Это было по-ковальчуковски – встретить смерть бранью. Со своими. Я не шучу: переключение из ледяной, неуязвимой вечности на отношения с теплыми и уязвимыми ближними – единственный источник мужества.
Из папиного, неведомо где колыхающегося смутного роя я тоже сжился с одним невиданным мною двоюродным братом Зямой, павшим, вернее, медленно погрузившимся в ил где-то под Днестром.
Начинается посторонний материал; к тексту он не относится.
(* Let $m$ and $n$ be positive integers. Then $$\frac{1-q}{1-q^{m+n}}{m+n-2\brack m-1}_q{n\brack m}_q{2n\brack n}_q$$ is a polynomial in $q$ with non-negative integer coefficients.
   Context: The $q$-binomial coefficients are defined by ${n\brack k}_q=\prod_{i=1}^{k}\frac{1-q^{n-k+i}}{1-q^i}$ if $0\le k\le n$, and ${n\brack k}_q=0$ otherwise. *)

theory Defs
  imports Complex_Main "HOL-Computational_Algebra.Polynomial"
begin

definition qbinom :: "nat \<Rightarrow> nat \<Rightarrow> 'a::field \<Rightarrow> 'a" where
  "qbinom n k q = (if k \<le> n then (\<Prod>i=1..k. (1 - q ^ (n - k + i)) / (1 - q ^ i)) else 0)"

end

theory Submission
  imports Defs
begin

(* By q-trinomial revision, [n,m][2n,n] = [2n,n-m][m+n,m], and after cancelling q-factorials the
   expression becomes [2n,n-m] times the determinant
     D = [m+n-2,n-1]^2 - q [m+n-2,n-2] [m+n-2,n].
   Writing D_c(a,b) = [a+c,c][b+c,c] - q [a+c,c-1][b+c,c+1], so that D = D_{n-1}(m-1,m-1),
   the q-Pascal rule and q-hockey-stick summation give, for b <= a,
     D_{c+1}(a,b) = sum_{x<=a} sum_{y<=min x b} q^(x+y) D_c(x,y),   D_0(a,b) = 1,
   a recursion with manifestly nonnegative coefficients. The q-Pascal rule does the same for
   [2n,n-m]. *)

fun gauss_binom :: "nat \<Rightarrow> nat \<Rightarrow> 'a::comm_semiring_1 \<Rightarrow> 'a" where
  "gauss_binom n 0 q = 1"
| "gauss_binom 0 (Suc k) q = 0"
| "gauss_binom (Suc n) (Suc k) q = q ^ (n - k) * gauss_binom n k q + gauss_binom n (Suc k) q"

lemma gauss_binom_eq_0: "n < k \<Longrightarrow> gauss_binom n k q = 0"
  by (induction n k q rule: gauss_binom.induct) auto

lemma gauss_binom_diag [simp]: "gauss_binom n n q = 1"
  by (induction n) (auto simp: gauss_binom_eq_0)

lemma gauss_binom_pascal:
  "gauss_binom (a + c + 1) (c + 1) q = q ^ a * gauss_binom (a + c) c q + gauss_binom (a + c) (c + 1) q"
  using gauss_binom.simps(3)[of "a + c" c q] by simp

definition qfact :: "nat \<Rightarrow> 'a::comm_ring_1 \<Rightarrow> 'a" where
  "qfact n q = (\<Prod>i=1..n. 1 - q ^ i)"

lemma qfact_0 [simp]: "qfact 0 q = 1"
  by (simp add: qfact_def)

lemma qfact_Suc: "qfact (Suc n) q = qfact n q * (1 - q ^ Suc n)"
  by (simp add: qfact_def prod.cl_ivl_Suc)

lemma qfact_add: "qfact (j + k) q = qfact j q * (\<Prod>i=1..k. 1 - q ^ (j + i))"
  by (induction k) (simp_all add: qfact_def prod.cl_ivl_Suc)

lemma gauss_binom_qfact:
  "k \<le> n \<Longrightarrow> gauss_binom n k q * qfact k q * qfact (n - k) q = qfact n q"
proof (induction n k q rule: gauss_binom.induct)
  case (3 n k q)
  show ?case
  proof (cases "k = n")
    case True
    then show ?thesis by (simp add: gauss_binom_eq_0 qfact_Suc)
  next
    case False
    with "3.prems" obtain u where n: "n = k + Suc u"
      by (metis Suc_le_mono add_Suc_right le_neq_implies_less less_imp_Suc_add)
    have IH1: "gauss_binom n k q * qfact k q * qfact (Suc u) q = qfact n q"
      using "3.IH"(1) n by simp
    have IH2: "gauss_binom n (Suc k) q * qfact (Suc k) q * qfact u q = qfact n q"
      using "3.IH"(2) n by simp
    have "gauss_binom (Suc n) (Suc k) q * qfact (Suc k) q * qfact (Suc n - Suc k) q
        = (q ^ Suc u * gauss_binom n k q + gauss_binom n (Suc k) q) * qfact (Suc k) q * qfact (Suc u) q"
      using n by simp
    also have "\<dots> = q ^ Suc u * (1 - q ^ Suc k) * (gauss_binom n k q * qfact k q * qfact (Suc u) q)
          + (1 - q ^ Suc u) * (gauss_binom n (Suc k) q * qfact (Suc k) q * qfact u q)"
      by (simp only: qfact_Suc[of k] qfact_Suc[of u]) (simp add: algebra_simps)
    also have "\<dots> = qfact n q * (1 - q ^ Suc n)"
      unfolding IH1 IH2 by (simp add: n algebra_simps power_add)
    finally show ?thesis by (simp add: qfact_Suc)
  qed
qed simp_all

(* [n, c - 1] with [n, -1] = 0; truncated subtraction alone would give [n, 0] = 1 at c = 0. *)
definition gauss_binom_pred :: "nat \<Rightarrow> nat \<Rightarrow> 'a::comm_semiring_1 \<Rightarrow> 'a" where
  "gauss_binom_pred n c q = (if c = 0 then 0 else gauss_binom n (c - 1) q)"

lemma gauss_binom_pred_pascal:
  "gauss_binom (a + c + 1) c q = q ^ (a + 1) * gauss_binom_pred (a + c) c q + gauss_binom (a + c) c q"
  using gauss_binom_pascal[of "a + 1" "c - 1" q]
  by (cases c) (simp_all add: gauss_binom_pred_def)

lemma gauss_binom_hockey_stick:
  "(\<Sum>y=0..b. q ^ y * gauss_binom (y + c) c q) = gauss_binom (b + c + 1) (c + 1) q"
proof (induction b)
  case (Suc b)
  then show ?case using gauss_binom_pascal[of "Suc b" c q] by (simp add: ac_simps)
qed simp

lemma gauss_binom_hockey_stick_Suc:
  "(\<Sum>y=0..b. q ^ y * gauss_binom (y + c) (c + 1) q) = q * gauss_binom (b + c + 1) (c + 2) q"
proof (induction b)
  case 0
  then show ?case by (simp add: gauss_binom_eq_0)
next
  case (Suc b)
  then show ?case using gauss_binom_pascal[of b "c + 1" q] by (simp add: algebra_simps)
qed

definition gauss_det :: "nat \<Rightarrow> nat \<Rightarrow> nat \<Rightarrow> 'a::comm_ring_1 \<Rightarrow> 'a" where
  "gauss_det c a b q = gauss_binom (a + c) c q * gauss_binom (b + c) c q
     - q * gauss_binom_pred (a + c) c q * gauss_binom (b + c) (c + 1) q"

lemma sum_gauss_det:
  "(\<Sum>y=0..b. q ^ y * gauss_det c a y q) =
     gauss_binom (a + c) c q * gauss_binom (b + c + 1) (c + 1) q
     - q * gauss_binom_pred (a + c) c q * (q * gauss_binom (b + c + 1) (c + 2) q)"
proof -
  have "(\<Sum>y=0..b. q ^ y * gauss_det c a y q)
      = gauss_binom (a + c) c q * (\<Sum>y=0..b. q ^ y * gauss_binom (y + c) c q)
        - q * gauss_binom_pred (a + c) c q * (\<Sum>y=0..b. q ^ y * gauss_binom (y + c) (c + 1) q)"
    by (simp add: gauss_det_def sum_distrib_left sum_subtractf algebra_simps)
  then show ?thesis
    by (simp only: gauss_binom_hockey_stick gauss_binom_hockey_stick_Suc)
qed

lemma gauss_det_Suc_diff:
  "gauss_det (Suc c) (Suc a) b q - gauss_det (Suc c) a b q
     = q ^ Suc a * (\<Sum>y=0..b. q ^ y * gauss_det c (Suc a) y q)"
proof -
  have "gauss_binom (Suc a + Suc c) (Suc c) q
      = q ^ Suc a * gauss_binom (Suc a + c) c q + gauss_binom (a + Suc c) (Suc c) q"
    using gauss_binom_pascal[of "Suc a" c q] by (simp del: gauss_binom.simps)
  moreover have "gauss_binom_pred (Suc a + Suc c) (Suc c) q
      = q ^ Suc (Suc a) * gauss_binom_pred (Suc a + c) c q + gauss_binom_pred (a + Suc c) (Suc c) q"
    using gauss_binom_pred_pascal[of "Suc a" c q] by (simp add: gauss_binom_pred_def del: gauss_binom.simps)
  ultimately show ?thesis
    unfolding sum_gauss_det by (simp add: gauss_det_def algebra_simps del: gauss_binom.simps)
qed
И когда пацаны, перекрикивая друг друга, в очередной раз начинали хлестаться: «А мой дядь Женя взял немцев за шкирятник и как треснет лбами!», «А мой дядь Павлик – фрицы по нему лупасят, а он так вот от пуль отклоняется» (изображался некий сладострастный танец живота), – однажды решился вступить и я: «А мой дядь Зяма…»
Там никто никого не слушал, но меня услышали. Покатиться со смеху – ни раньше, ни позже я не наблюдал такой полной буквализации этой метафоры: всех словно вихрем швырнуло на землю. Когда кому-нибудь наконец удавалось привстать, кто-нибудь другой наконец ухитрялся выговорить: «Зяма…» – и все начиналось сызнова.
Вот тогда-то я все понял до конца. И навеки (если бы!) освободился от висевших на мне чугунными гроздьями Мойш и Зям, сделал их несуществовавшими, насколько возможно не слышать, не помнить, не знать того, что знаешь.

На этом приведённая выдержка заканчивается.